- TASK ITEM -
Look through the records below for the line with "text \<open>Player i's" and the line with "(* Let $p,q$", then return those lines and all lines between, exactly.

Collected data entries

(* Let $G$ be an edge-colored graph. The following are equivalent: (1) $G$ is PC acyclic of type 5; (2) the orientation procedure described below completes without a conflict and the resulting digraph is acyclic; (3) every vertex of $G$ is incident to edges of at most two colors, and every cycle $C$ in $G$ has a positive even number of $C$-monochromatic vertices.
   Context: An edge-colored graph is a finite undirected graph in which every edge is assigned a color. An ordering $v_1,\dots,v_n$ of $V(G)$ is of type 5 if for every $i\in[n]$, all edges from $v_i$ to $\{v_{i+1},\dots,v_n\}$ have the same color, all edges from $v_i$ to $\{v_1,\dots,v_{i-1}\}$ have the same color, and these two colors are different. $G$ is PC acyclic of type 5 if it has an ordering of its vertices of type 5. For a cycle $C$ in $G$, a vertex of $C$ is $C$-monochromatic if its two incident edges on $C$ have the same color. The orientation procedure: first check that each vertex is incident to edges of at most two colors (otherwise the procedure fails). Choose an arbitrary vertex $x$ (in each connected component) and orient the edges of one color incident to $x$ out of $x$ and the edges of the other color towards $x$. Then repeatedly, for every unmarked vertex $y$ that has an arc into it (respectively out of it) coming from an edge of color $i$, mark $y$ and orient all edges of color $i$ incident to $y$ towards $y$ (respectively out of $y$) and all other edges incident to $y$ out of $y$ (respectively towards $y$). The procedure stops with a conflict if orienting the edges incident to some $y$ causes some other vertex $z$ to (a) have two arcs of different colors oriented into it or two arcs of different colors oriented out of it, or (b) have an arc into it and an arc out of it of the same color. It completes if all edges are oriented without such a conflict. *)

theory Defs
  imports Main
begin

definition ecgraph :: "'a set \<Rightarrow> 'a set set \<Rightarrow> bool" where
  "ecgraph V E \<longleftrightarrow> finite V \<and>
     (\<forall>e\<in>E. \<exists>u v. u \<noteq> v \<and> u \<in> V \<and> v \<in> V \<and> e = {u, v})"

definition colors_at :: "'a set set \<Rightarrow> ('a set \<Rightarrow> 'c) \<Rightarrow> 'a \<Rightarrow> 'c set" where
  "colors_at E col v = col ` {e \<in> E. v \<in> e}"

definition type5_ordering ::
  "'a set \<Rightarrow> 'a set set \<Rightarrow> ('a set \<Rightarrow> 'c) \<Rightarrow> 'a list \<Rightarrow> bool" where
  "type5_ordering V E col vs \<longleftrightarrow> distinct vs \<and> set vs = V \<and>
     (\<forall>i<length vs. \<forall>j<length vs. \<forall>k<length vs.
        ((i < j \<and> i < k \<and> {vs!i, vs!j} \<in> E \<and> {vs!i, vs!k} \<in> E)
            \<longrightarrow> col {vs!i, vs!j} = col {vs!i, vs!k}) \<and>
        ((j < i \<and> k < i \<and> {vs!i, vs!j} \<in> E \<and> {vs!i, vs!k} \<in> E)
            \<longrightarrow> col {vs!i, vs!j} = col {vs!i, vs!k}) \<and>
        ((j < i \<and> i < k \<and> {vs!i, vs!j} \<in> E \<and> {vs!i, vs!k} \<in> E)
            \<longrightarrow> col {vs!i, vs!j} \<noteq> col {vs!i, vs!k}))"
lemma convection_identity_H1_approximation:
  assumes "open \<Omega>" and approx: "H1_approximation \<Omega> p q e G"
    and e: "square_integrable (lebesgue_on \<Omega>) e" and G: "\<And>i. square_integrable (lebesgue_on \<Omega>) (G i)"
    and b: "Linf \<Omega> b" and divb: "Linf \<Omega> divb"
    and wd: "weak_div \<Omega> (\<lambda>x. cvec (b x)) (\<lambda>x. complex_of_real (divb x))"
  shows "(\<Sum>i\<in>UNIV. (\<integral>x. (complex_of_real (b x $ i) * G i x) * cnj (e x) \<partial>lebesgue_on \<Omega>)
      + (\<integral>x. e x * cnj (complex_of_real (b x $ i) * G i x) \<partial>lebesgue_on \<Omega>))
    = - (\<integral>x. (complex_of_real (divb x) * e x) * cnj (e x) \<partial>lebesgue_on \<Omega>)"
proof (rule LIMSEQ_unique)
  let ?M = "lebesgue_on \<Omega>" and ?b = "\<lambda>i x. complex_of_real (b x $ i)"
    and ?d = "\<lambda>x. complex_of_real (divb x)"
  let ?T = "\<lambda>k. ctest (p k) (q k)" and ?D = "\<lambda>k i. ctest (pderiv i (p k)) (pderiv i (q k))"
  have t: "test_fun \<Omega> (p k)" "test_fun \<Omega> (q k)" for k
    using approx by (simp_all add: H1_approximation_def)
  have T: "square_integrable ?M (?T k)" "L2_tendsto ?M ?T e" for k
    using approx square_integrable_ctest[OF assms(1) t] by (simp_all add: H1_approximation_def)
  have D: "square_integrable ?M (?D k i)" "L2_tendsto ?M (\<lambda>k. ?D k i) (G i)" for k i
    using approx square_integrable_ctest[OF assms(1) test_fun_pderiv test_fun_pderiv, OF t]
    by (simp_all add: H1_approximation_def)
  have bi: "Linf \<Omega> (?b i)" for i
    using b by (intro Linf_complex_of_real Linf_vec_nth)
  have bD: "square_integrable ?M (\<lambda>x. ?b i x * ?D k i x)" "square_integrable ?M (\<lambda>x. ?b i x * G i x)"
    "L2_tendsto ?M (\<lambda>k x. ?b i x * ?D k i x) (\<lambda>x. ?b i x * G i x)" for k i
    using bi D G by (simp_all add: Linf_square_integrable_mult L2_tendsto_Linf_mult)
  have dT: "square_integrable ?M (\<lambda>x. ?d x * ?T k x)" "square_integrable ?M (\<lambda>x. ?d x * e x)"
    "L2_tendsto ?M (\<lambda>k x. ?d x * ?T k x) (\<lambda>x. ?d x * e x)" for k
    using Linf_complex_of_real[OF divb] T e by (simp_all add: Linf_square_integrable_mult L2_tendsto_Linf_mult)
  show "(\<lambda>k. \<Sum>i\<in>UNIV. (\<integral>x. (?b i x * ?D k i x) * cnj (?T k x) \<partial>?M)
      + (\<integral>x. ?T k x * cnj (?b i x * ?D k i x) \<partial>?M))
    \<longlonglongrightarrow> (\<Sum>i\<in>UNIV. (\<integral>x. (?b i x * G i x) * cnj (e x) \<partial>?M) + (\<integral>x. e x * cnj (?b i x * G i x) \<partial>?M))"
    using bD T e by (intro tendsto_sum tendsto_add tendsto_integral_mult_cnj)
  have "(\<lambda>k. - (\<integral>x. (?d x * ?T k x) * cnj (?T k x) \<partial>?M)) \<longlonglongrightarrow> - (\<integral>x. (?d x * e x) * cnj (e x) \<partial>?M)"
    using dT T e by (intro tendsto_minus tendsto_integral_mult_cnj)
  then show "(\<lambda>k. \<Sum>i\<in>UNIV. (\<integral>x. (?b i x * ?D k i x) * cnj (?T k x) \<partial>?M)
      + (\<integral>x. ?T k x * cnj (?b i x * ?D k i x) \<partial>?M))
    \<longlonglongrightarrow> - (\<integral>x. (?d x * e x) * cnj (e x) \<partial>?M)"
    using convection_identity_ctest[OF assms(1) t b divb wd] by simp
qed

lemma convection_energy_identity:
  assumes "open \<Omega>" and approx: "H1_approximation \<Omega> p q e G"
    and e: "square_integrable (lebesgue_on \<Omega>) e" and G: "\<And>i. square_integrable (lebesgue_on \<Omega>) (G i)"
    and b: "Linf \<Omega> b" and divb: "Linf \<Omega> divb"
    and wd: "weak_div \<Omega> (\<lambda>x. cvec (b x)) (\<lambda>x. complex_of_real (divb x))"
  shows "wnorm2 \<Omega> (\<lambda>x. - divb x) e
    = 2 * Re (\<integral>x. (\<Sum>i\<in>UNIV. complex_of_real (b x $ i) * G i x) * cnj (e x) \<partial>lebesgue_on \<Omega>)"
proof -
  let ?M = "lebesgue_on \<Omega>" and ?bG = "\<lambda>i x. complex_of_real (b x $ i) * G i x"
  have bG: "square_integrable ?M (?bG i)" for i
    using b G by (intro Linf_square_integrable_mult Linf_complex_of_real Linf_vec_nth)
  have int: "integrable ?M (\<lambda>x. ?bG i x * cnj (e x))" for i
    using bG e by (intro integrable_mult_of_square_integrable square_integrable_cnj)
  have de: "integrable ?M (\<lambda>x. (complex_of_real (divb x) * e x) * cnj (e x))"
    using divb e by (intro integrable_mult_of_square_integrable square_integrable_cnj
        Linf_square_integrable_mult Linf_complex_of_real)
  have cnj_eq: "(\<integral>x. e x * cnj (?bG i x) \<partial>?M) = (\<integral>x. cnj (?bG i x * cnj (e x)) \<partial>?M)" for i
    by (rule Bochner_Integration.integral_cong) simp_all
  have "(\<integral>x. e x * cnj (?bG i x) \<partial>?M) = cnj (\<integral>x. ?bG i x * cnj (e x) \<partial>?M)" for i
    using cnj_eq[of i] Bochner_Integration.integral_cnj[of ?M "\<lambda>x. ?bG i x * cnj (e x)"] by (rule trans)
  then have "(\<Sum>i\<in>UNIV. (\<integral>x. ?bG i x * cnj (e x) \<partial>?M) + cnj (\<integral>x. ?bG i x * cnj (e x) \<partial>?M))
      = - (\<integral>x. (complex_of_real (divb x) * e x) * cnj (e x) \<partial>?M)"
    using convection_identity_H1_approximation[OF assms] by simp
  moreover have "(\<integral>x. (\<Sum>i\<in>UNIV. ?bG i x) * cnj (e x) \<partial>?M) = (\<Sum>i\<in>UNIV. \<integral>x. ?bG i x * cnj (e x) \<partial>?M)"
    using int by (simp add: sum_distrib_right integral_sum)
  ultimately have sum_cnj: "(\<integral>x. (\<Sum>i\<in>UNIV. ?bG i x) * cnj (e x) \<partial>?M) + cnj (\<integral>x. (\<Sum>i\<in>UNIV. ?bG i x) * cnj (e x) \<partial>?M)
      = - (\<integral>x. (complex_of_real (divb x) * e x) * cnj (e x) \<partial>?M)"
    by (simp add: sum.distrib)
  have "2 * Re (\<integral>x. (\<Sum>i\<in>UNIV. ?bG i x) * cnj (e x) \<partial>?M)
      = Re (- (\<integral>x. (complex_of_real (divb x) * e x) * cnj (e x) \<partial>?M))"
    using arg_cong[where f = Re, OF sum_cnj] by simp
  also have "\<dots> = - (\<integral>x. Re ((complex_of_real (divb x) * e x) * cnj (e x)) \<partial>?M)"
    using Bochner_Integration.integral_Re[OF de] by simp
  also have "\<dots> = wnorm2 \<Omega> (\<lambda>x. - divb x) e"
    by (simp add: wnorm2_def complex_norm_square[symmetric] mult.assoc flip: integral_minus)
  finally show ?thesis ..
qed
lemma step_size_sq_sum_depends_on_prefix: "depends_on_prefix (Suc k) (\<lambda>c. step_size_sq_sum N c k)"
proof (rule depends_on_prefixI)
  fix c c' :: "nat \<Rightarrow> nat \<times> nat" assume prefix: "\<And>t. t < Suc k \<Longrightarrow> c t = c' t"
  then have "alpha c k = alpha c' k"
    using depends_on_prefixD[OF alpha_depends_on_prefix] by blast
  moreover have "c k = c' k" using prefix by simp
  ultimately show "step_size_sq_sum N c k = step_size_sq_sum N c' k"
    unfolding step_size_sq_sum_def updated_def by (simp only:)
qed

section \<open>Estimate vectors\<close>

locale interference_graph =
  fixes N :: nat and EI :: "nat \<Rightarrow> nat \<Rightarrow> bool"
  assumes graph: "graph_on N EI"
begin

abbreviation "nbr \<equiv> nbI EI N"
abbreviation "cnbr \<equiv> nbIt EI N"
abbreviation "pos \<equiv> spos EI N"
abbreviation "est_dim \<equiv> mtot EI N"

text \<open>Player i's estimates occupy the positions block_offset i + 1, ..., block_offset i + m_i
  of the state vector, ordered by the player whose action they estimate.\<close>

definition block_offset :: "nat \<Rightarrow> nat" where
  "block_offset i = (\<Sum>r=1..<i. mi EI N r)"

lemma edge_range: "EI i j \<Longrightarrow> i \<in> {1..N} \<and> j \<in> {1..N}"
  and edge_sym: "EI i j \<Longrightarrow> EI j i"
  and no_loop: "\<not> EI i i"
  using graph unfolding graph_on_def by blast+

lemma nbr_iff: "j \<in> nbr i \<longleftrightarrow> EI i j"
  unfolding nbI_def using edge_range by blast

lemma nbr_subset: "nbr i \<subseteq> {1..N}"
  unfolding nbI_def by auto

lemma finite_nbr [simp]: "finite (nbr i)"
  using nbr_subset finite_subset by blast

lemma finite_cnbr [simp]: "finite (cnbr i)"
  unfolding nbIt_def by simp

lemma not_in_nbr_self: "i \<notin> nbr i"
  unfolding nbr_iff by (rule no_loop)

lemma card_nbr_le: "card (nbr j) \<le> N"
  using card_mono[OF _ nbr_subset, of j] by simp

lemma cnbr_iff: "j \<in> cnbr i \<longleftrightarrow> j = i \<or> EI i j"
  using nbr_iff[of j i] unfolding nbIt_def by simp

lemma cnbr_subset: "i \<in> {1..N} \<Longrightarrow> cnbr i \<subseteq> {1..N}"
  unfolding nbIt_def using nbr_subset by simp
(* Let $p,q$ be odd primes with $q\mid p-1$, and let $G=A\rtimes N$ and $G'=\widehat A\rtimes N$ be as in the context. Then $G$ and $G'$ are not isocategorical, i.e. $\mathrm{Rep}(G)$ and $\mathrm{Rep}(G')$ are not equivalent as tensor categories.
   Context: $k$ algebraically closed of characteristic $0$; $\mathrm{Rep}(G)$ is the tensor category of finite-dimensional representations of $G$ over $k$. $N=\mathbb Z/p\mathbb Z\rtimes\mathbb Z/q\mathbb Z$ is the non-abelian group of order $pq$, $A\cong\mathbb Z/p\mathbb Z$ its normal subgroup of order $p$; $N$ acts on $A$ by conjugation and on $\widehat A=\mathrm{Hom}(A,k^\times)$ by the induced action $(\rho\triangleleft n)(a)=\rho(a\triangleleft n^{-1})$; $G=A\rtimes N$, $G'=\widehat A\rtimes N$. *)

theory Defs
  imports "Jordan_Normal_Form.Matrix"
begin

class alg_closed_field_char_0 = field_char_0 +
  assumes alg_closed: "0 < n \<Longrightarrow> \<exists>x::'a. x ^ n + (\<Sum>i<n. c i * x ^ i) = 0"

text \<open>N = Z/p \<rtimes> Z/q, elements (a,c), with
  (a,c)(a',c') = (a + r^c a', c + c'), r of multiplicative order q mod p.
  A = Z/p (the normal subgroup {(a,0)} of N), N acting by conjugation: (a,c).x = r^c x.
  The group X \<rtimes> N, X = Z/p, where (a,c) acts on X by multiplication by s^c,
  has elements (x,a,c) and multiplication below.  G uses s = r (conjugation action
  on A); G' uses s = r^(q-1) = r^(-1) mod p (induced action on the dual group).\<close>

definition sd_carrier :: "nat \<Rightarrow> nat \<Rightarrow> (nat \<times> nat \<times> nat) set" where
  "sd_carrier p q = {(x, a, c). x < p \<and> a < p \<and> c < q}"

definition sd_mult :: "nat \<Rightarrow> nat \<Rightarrow> nat \<Rightarrow> nat \<Rightarrow>
    nat \<times> nat \<times> nat \<Rightarrow> nat \<times> nat \<times> nat \<Rightarrow> nat \<times> nat \<times> nat" where
  "sd_mult p q r s g h =
     (case g of (x, a, c) \<Rightarrow> case h of (x', a', c') \<Rightarrow>
       ((x + s ^ c * x') mod p, (a + r ^ c * a') mod p, (c + c') mod q))"

definition sd_one :: "nat \<times> nat \<times> nat" where
  "sd_one = (0, 0, 0)"

definition kron :: "'a::semiring_1 mat \<Rightarrow> 'a mat \<Rightarrow> 'a mat" where
  "kron A B = mat (dim_row A * dim_row B) (dim_col A * dim_col B)
     (\<lambda>(i, j). A $$ (i div dim_row B, j div dim_col B) * B $$ (i mod dim_row B, j mod dim_col B))"

text \<open>The tensor category Rep(G) of finite-dimensional representations of a finite group
  (carrier Gc, multiplication mul, unit e) over k: an object is (n, \<rho>) with
  \<rho> : G \<rightarrow> GL_n(k) a homomorphism; morphisms are intertwiners (matrices);
  composition is matrix product; tensor product is the Kronecker product, unit object
  the trivial 1-dimensional representation.  This monoidal structure is strict
  (associativity and unit constraints are identities).\<close>

type_synonym ('g, 'k) rep = "nat \<times> ('g \<Rightarrow> 'k mat)"

definition rep_obj :: "'g set \<Rightarrow> ('g \<Rightarrow> 'g \<Rightarrow> 'g) \<Rightarrow> 'g \<Rightarrow> ('g, 'k::field) rep set" where
  "rep_obj Gc mul e = {(n, \<rho>). (\<forall>g\<in>Gc. \<rho> g \<in> carrier_mat n n) \<and> \<rho> e = 1\<^sub>m n \<and>
       (\<forall>g\<in>Gc. \<forall>h\<in>Gc. \<rho> (mul g h) = \<rho> g * \<rho> h)}"

definition rep_hom :: "'g set \<Rightarrow> ('g, 'k::field) rep \<Rightarrow> ('g, 'k) rep \<Rightarrow> 'k mat set" where
  "rep_hom Gc X Y = {T. T \<in> carrier_mat (fst Y) (fst X) \<and> (\<forall>g\<in>Gc. T * snd X g = snd Y g * T)}"

definition rep_tensor :: "('g, 'k::field) rep \<Rightarrow> ('g, 'k) rep \<Rightarrow> ('g, 'k) rep" where
  "rep_tensor X Y = (fst X * fst Y, \<lambda>g. kron (snd X g) (snd Y g))"

definition rep_unit :: "('g, 'k::field) rep" where
  "rep_unit = (1, \<lambda>g. 1\<^sub>m 1)"

definition rep_iso :: "'g set \<Rightarrow> ('g, 'k::field) rep \<Rightarrow> ('g, 'k) rep \<Rightarrow> 'k mat \<Rightarrow> bool" where
  "rep_iso Gc X Y T \<longleftrightarrow> T \<in> rep_hom Gc X Y \<and>
     (\<exists>S\<in>rep_hom Gc Y X. S * T = 1\<^sub>m (fst X) \<and> T * S = 1\<^sub>m (fst Y))"
(* Let $f\in\mathcal{E}$ have infinite order. Then exactly one of the following holds: (a) all fundamental discontinuities of $f$ are eventually resolving, in which case $d(f^n)$ is bounded independently of $n$; (b) $f$ has $k\geq 1$ nonresolving fundamental discontinuities, in which case $d(f^n)$ has linear growth on the order of $k|n|$ (i.e. $d(f^n)/|n|\to k$ as $|n|\to\infty$).
   Context: Identify $\mathbb{T}^1=\mathbb{R}/\mathbb{Z}$ with $[0,1)$. An interval exchange transformation is a bijection $f:\mathbb{T}^1\to\mathbb{T}^1$ for which there is a partition of $[0,1)$ into finitely many half-open intervals $[a,b)$ on each of which $f$ is a translation $x\mapsto x+c\pmod 1$; such maps are right-continuous. $\mathcal{E}$ is the group of interval exchanges. $D(f)$ is the (finite) set of points where $f$ is discontinuous as a map of the circle $\mathbb{T}^1$, and $d(f)=|D(f)|$. $\mathrm{Per}(f)$ is the set of periodic points, and $D_{np}(f)=D(f)\setminus\mathrm{Per}(f)$. A point $x\in D_{np}(f)$ is a fundamental discontinuity if $f$ is continuous at $f^{-i}(x)$ for all $i\geq 1$. Let $f_-$ be the left-continuous version of $f$ ($f_-(x)=\lim_{y\to x^-}f(y)$) and $f_+=f$. The stabilization time of $f$ is the smallest positive integer $n_0$ such that $f$ is continuous at $f_+^n(x)$ and $f_-^n(x)$ for all $n\geq n_0$ and all fundamental discontinuities $x$. A fundamental discontinuity $x$ is eventually resolving if $f_+^{n_0}(x)=f_-^{n_0}(x)$ (then $f_+^n(x)=f_-^n(x)$ for all $n\ge n_0$), and nonresolving otherwise (then $f_+^n(x)\neq f_-^n(x)$ for all $n\ge n_0$). *)

theory Defs
  imports Complex_Main
begin

text \<open>The circle T^1 = R/Z is identified with [0,1). A self-map of the circle is
represented by a function real => real of which only the values on [0,1) matter.\<close>

definition circ_dist :: "real \<Rightarrow> real \<Rightarrow> real" where
  "circ_dist a b = min (frac (a - b)) (frac (b - a))"

definition iet :: "(real \<Rightarrow> real) \<Rightarrow> bool" where
  "iet f \<longleftrightarrow> bij_betw f {0..<1} {0..<1} \<and>
     (\<exists>A. finite A \<and> 0 \<in> A \<and> A \<subseteq> {0..<1} \<and>
        (\<forall>a\<in>A. \<exists>c. \<forall>x. a \<le> x \<and> x < 1 \<and> (\<forall>b\<in>A. a < b \<longrightarrow> x < b)
                        \<longrightarrow> f x = frac (x + c)))"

- OUTPUT OF THE EXERCISE -
text \<open>Player i's estimates occupy the positions block_offset i + 1, ..., block_offset i + m_i
  of the state vector, ordered by the player whose action they estimate.\<close>

definition block_offset :: "nat \<Rightarrow> nat" where
  "block_offset i = (\<Sum>r=1..<i. mi EI N r)"

lemma edge_range: "EI i j \<Longrightarrow> i \<in> {1..N} \<and> j \<in> {1..N}"
  and edge_sym: "EI i j \<Longrightarrow> EI j i"
  and no_loop: "\<not> EI i i"
  using graph unfolding graph_on_def by blast+

lemma nbr_iff: "j \<in> nbr i \<longleftrightarrow> EI i j"
  unfolding nbI_def using edge_range by blast

lemma nbr_subset: "nbr i \<subseteq> {1..N}"
  unfolding nbI_def by auto

lemma finite_nbr [simp]: "finite (nbr i)"
  using nbr_subset finite_subset by blast

lemma finite_cnbr [simp]: "finite (cnbr i)"
  unfolding nbIt_def by simp

lemma not_in_nbr_self: "i \<notin> nbr i"
  unfolding nbr_iff by (rule no_loop)

lemma card_nbr_le: "card (nbr j) \<le> N"
  using card_mono[OF _ nbr_subset, of j] by simp

lemma cnbr_iff: "j \<in> cnbr i \<longleftrightarrow> j = i \<or> EI i j"
  using nbr_iff[of j i] unfolding nbIt_def by simp

lemma cnbr_subset: "i \<in> {1..N} \<Longrightarrow> cnbr i \<subseteq> {1..N}"
  unfolding nbIt_def using nbr_subset by simp
(* Let $p,q$ be odd primes with $q\mid p-1$, and let $G=A\rtimes N$ and $G'=\widehat A\rtimes N$ be as in the context. Then $G$ and $G'$ are not isocategorical, i.e. $\mathrm{Rep}(G)$ and $\mathrm{Rep}(G')$ are not equivalent as tensor categories.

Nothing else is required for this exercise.